Nicknamed "Big Cat", his best season in the NFL came in 1972, when according to the Packers media he led the team with 10.5 sacks. Three of those sacks came in the NFC Central Division-clinching game against the Minnesota Vikings.

Williams would lead the team again in 1974 with 7 sacks. In 1975, he registered 10 sacks. He was durable and would play in 107 consecutive games at defensive end.

In 1977, he was displaced by rookie Mike Butler and played mostly as a reserve defensive tackle. He was waived on August 16, 1978.

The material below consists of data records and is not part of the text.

text \<open>Rotating diag(a, b) by the angle with cos^2 = l puts the mean l a + (1 - l) b in the
  upper left corner. Once y exceeds that mean, the rotated matrix lies below diag(y, mu) for large mu,
  and comparing the upper left corners after applying f gives the inequality.\<close>

lemma operator_monotone_jensen_strict:
  assumes f: "operator_monotone f" and a: "0 < a" and b: "0 < b" and l: "0 \<le> l" "l \<le> 1"
    and y: "l * a + (1 - l) * b < y"
  shows "l * f a + (1 - l) * f b \<le> f y"
proof -
  define V where "V = rotation_mat2 (sqrt l) (sqrt (1 - l))"
  have V: "unitary_mat 2 V" unfolding V_def by (rule unitary_rotation_mat2) (use l in simp)
  define t where "t = (\<lambda>k::nat. if k = 0 then a else b)"
  define M where "M = V * real_diag_mat 2 t * mat_adjoint V"
  define c where "c = sqrt l * sqrt (1 - l) * (a - b)"
  define \<alpha> where "\<alpha> = y - (l * a + (1 - l) * b)"
  define g where "g = (\<lambda>k::nat. if k = 0 then y else (1 - l) * a + l * b + (c\<^sup>2 / \<alpha> + 1))"
  have \<alpha>: "0 < \<alpha>" unfolding \<alpha>_def using y by simp
  have tg: "t 0 = a" "t 1 = b" "g 0 = y" "g 1 = (1 - l) * a + l * b + (c\<^sup>2 / \<alpha> + 1)"
    unfolding t_def g_def by simp_all
  have M: "M $$ (0,0) = complex_of_real (l * a + (1 - l) * b)" "M $$ (0,1) = complex_of_real c"
    "M $$ (1,0) = complex_of_real c" "M $$ (1,1) = complex_of_real ((1 - l) * a + l * b)"
    unfolding M_def V_def c_def
      using index_rotation_mat2_conj_diag[of "sqrt l" "sqrt (1 - l)" t] tg l
    by (simp_all add: abs_of_nonneg)
  have Mc: "M \<in> carrier_mat 2 2" unfolding M_def using V
    by (simp add: square_mat_mult_simps[where n = 2])
  then have GM: "(real_diag_mat 2 g - M) $$ (i,j) = real_diag_mat 2 g $$ (i,j) - M $$ (i,j)"
    if "i < 2" "j < 2" for i j using that by auto
  have "possemidef_mat 2 (real_diag_mat 2 g - M)"
  proof (rule possemidef_mat_2x2[where \<alpha> = \<alpha> and \<beta> = "c\<^sup>2 / \<alpha> + 1" and c = "- c"])
    show "real_diag_mat 2 g - M \<in> carrier_mat 2 2" using Mc by (rule minus_carrier_mat)
    show "(- c)\<^sup>2 \<le> \<alpha> * (c\<^sup>2 / \<alpha> + 1)" using \<alpha> by (simp add: field_simps)
  qed (use M tg y in \<open>simp_all add: GM \<alpha>_def\<close>)
  moreover have "posdef_mat 2 M" unfolding M_def
    by (rule posdef_unitary_diag[OF V]) (use a b in \<open>simp add: t_def\<close>)
  moreover have "posdef_mat 2 (real_diag_mat 2 g)"
  proof (rule posdef_real_diag_mat)
    have "0 < y" using \<alpha> convex_comb_pos[OF a b l] unfolding \<alpha>_def by simp
    moreover have "0 < (1 - l) * a + l * b + (c\<^sup>2 / \<alpha> + 1)"
      using a b l \<alpha> by (intro add_nonneg_pos add_nonneg_nonneg) simp_all
    ultimately show "0 < g i" for i by (simp add: g_def)
  qed
  ultimately have "loewner_le 2 (matfun 2 f M) (matfun 2 f (real_diag_mat 2 g))"
    using f unfolding operator_monotone_def loewner_le_def posdef_mat_def by blast
  then have "possemidef_mat 2 (real_diag_mat 2 (\<lambda>k. f (g k))
      - V * real_diag_mat 2 (\<lambda>k. f (t k)) * mat_adjoint V)"
    unfolding loewner_le_def M_def matfun_unitary_diag[OF V] matfun_real_diag_mat by simp
  moreover have "V * real_diag_mat 2 (\<lambda>k. f (t k)) * mat_adjoint V \<in> carrier_mat 2 2"
    using V by (simp add: square_mat_mult_simps[where n = 2])
  ultimately show ?thesis
    using possemidef_diag_nonneg[of 2 _ 0] l
      index_rotation_mat2_conj_diag(1)[of "sqrt l" "sqrt (1 - l)" "\<lambda>k. f (t k)", folded V_def]
    by (force simp: g_def t_def abs_of_nonneg)
qed

lemma operator_monotone_scale_strict:
  assumes f: "operator_monotone f" and s: "0 < s" "s < 1" and y: "0 < y" and Y: "s * y < Y"
  shows "s * f y \<le> f Y"
proof -
  define \<epsilon> where "\<epsilon> = (Y - s * y) / (2 * (1 - s))"
  have \<epsilon>: "0 < \<epsilon>" unfolding \<epsilon>_def using s Y by simp
  have "(1 - s) * \<epsilon> = (Y - s * y) / 2" unfolding \<epsilon>_def using s by (simp add: field_simps)
  then have "s * y + (1 - s) * \<epsilon> < Y" using Y by simp
  then have "s * f y + (1 - s) * f \<epsilon> \<le> f Y"
    using s by (intro operator_monotone_jensen_strict[OF f y \<epsilon>]) auto
  moreover have "0 \<le> (1 - s) * f \<epsilon>" using operator_monotone_pos[OF f \<epsilon>] s by simp
  ultimately show ?thesis by linarith
qed

lemma operator_monotone_scale:
  assumes f: "operator_monotone f" and y: "0 < y" and s: "0 < s" "s \<le> 1"
  shows "s * f y \<le> f (s * y)"
proof (rule field_le_mult_one_interval)
  fix z :: real assume z: "0 < z" "z < 1"
  have zs: "0 < z * s" "z * s < 1"
    using z s mult_less_le_imp_less[OF z(2) s(2)] by simp_all
  have "z * s * y < s * y" using mult_strict_right_mono[OF z(2), of "s * y"] s y
    by (simp add: mult.assoc)
  then have "(z * s) * f y \<le> f (s * y)" by (rule operator_monotone_scale_strict[OF f zs y])
  then show "z * (s * f y) \<le> f (s * y)" by (simp add: mult.assoc)
qed

lemma operator_monotone_concave:
  assumes f: "operator_monotone f" and a: "0 < a" and b: "0 < b" and l: "0 \<le> l" "l \<le> 1"
  shows "l * f a + (1 - l) * f b \<le> f (l * a + (1 - l) * b)"
proof (rule field_le_mult_one_interval)
  define m where "m = l * a + (1 - l) * b"
  have m: "0 < m" unfolding m_def by (rule convex_comb_pos[OF a b l])
  fix z :: real assume z: "0 < z" "z < 1"
  have "m < m / z" using m z by (simp add: less_divide_eq mult_less_cancel_left1)
  then have "l * f a + (1 - l) * f b \<le> f (m / z)"
    unfolding m_def by (rule operator_monotone_jensen_strict[OF f a b l])
  then have "z * (l * f a + (1 - l) * f b) \<le> z * f (m / z)" using z by simp
  also have "\<dots> \<le> f (z * (m / z))" by (rule operator_monotone_scale[OF f]) (use m z in auto)
  finally show "z * (l * f a + (1 - l) * f b) \<le> f (l * a + (1 - l) * b)" using z
    by (simp add: m_def)
qed

lemma hermitian_mat_add:
  "hermitian_mat n A \<Longrightarrow> hermitian_mat n B \<Longrightarrow> hermitian_mat n (A + B)"
  unfolding hermitian_mat_def by (auto simp: mat_adjoint_add)

lemma posdef_mat_add:
  assumes A: "posdef_mat n A" and B: "posdef_mat n B"
  shows "posdef_mat n (A + B)"
  unfolding posdef_mat_def
proof (intro conjI hermitian_mat_add ballI impI)
  show "hermitian_mat n A" "hermitian_mat n B" using A B unfolding posdef_mat_def by auto
  then have Ac: "A \<in> carrier_mat n n" and Bc: "B \<in> carrier_mat n n"
    by (auto simp: hermitian_mat_carrier)
  fix x :: "complex vec" assume x: "x \<in> carrier_vec n" and x0: "x \<noteq> 0\<^sub>v n"
  have "((A + B) *\<^sub>v x) \<bullet>c x = (A *\<^sub>v x) \<bullet>c x + (B *\<^sub>v x) \<bullet>c x"
    using Ac Bc x by (simp add: add_mult_distrib_mat_vec[OF Ac Bc x] cscalar_prod_add_left[of _ n])
  moreover have "0 < Re ((A *\<^sub>v x) \<bullet>c x)" "0 < Re ((B *\<^sub>v x) \<bullet>c x)"
    using A B x x0 unfolding posdef_mat_def by auto
  ultimately show "0 < Re (((A + B) *\<^sub>v x) \<bullet>c x)" by simp
qed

He played for the Packers during a low point in the franchise history (only experiencing one winning season), which cost him the opportunity to earn more accolades for his play. During his time with the team he was known as Sweeny Williams and was also voted as the team's player representative.

==Personal life==
Williams owned a travel agency. He was married to Icy Williams and has three children, Clarence Jr., Cary and Marla. He was a defensive coach for St. Norbert College for two years. From 1988 to 1981, he was an assistant coach at Southeast Missouri State University.

On May 8, 2017, he died at the age of 70.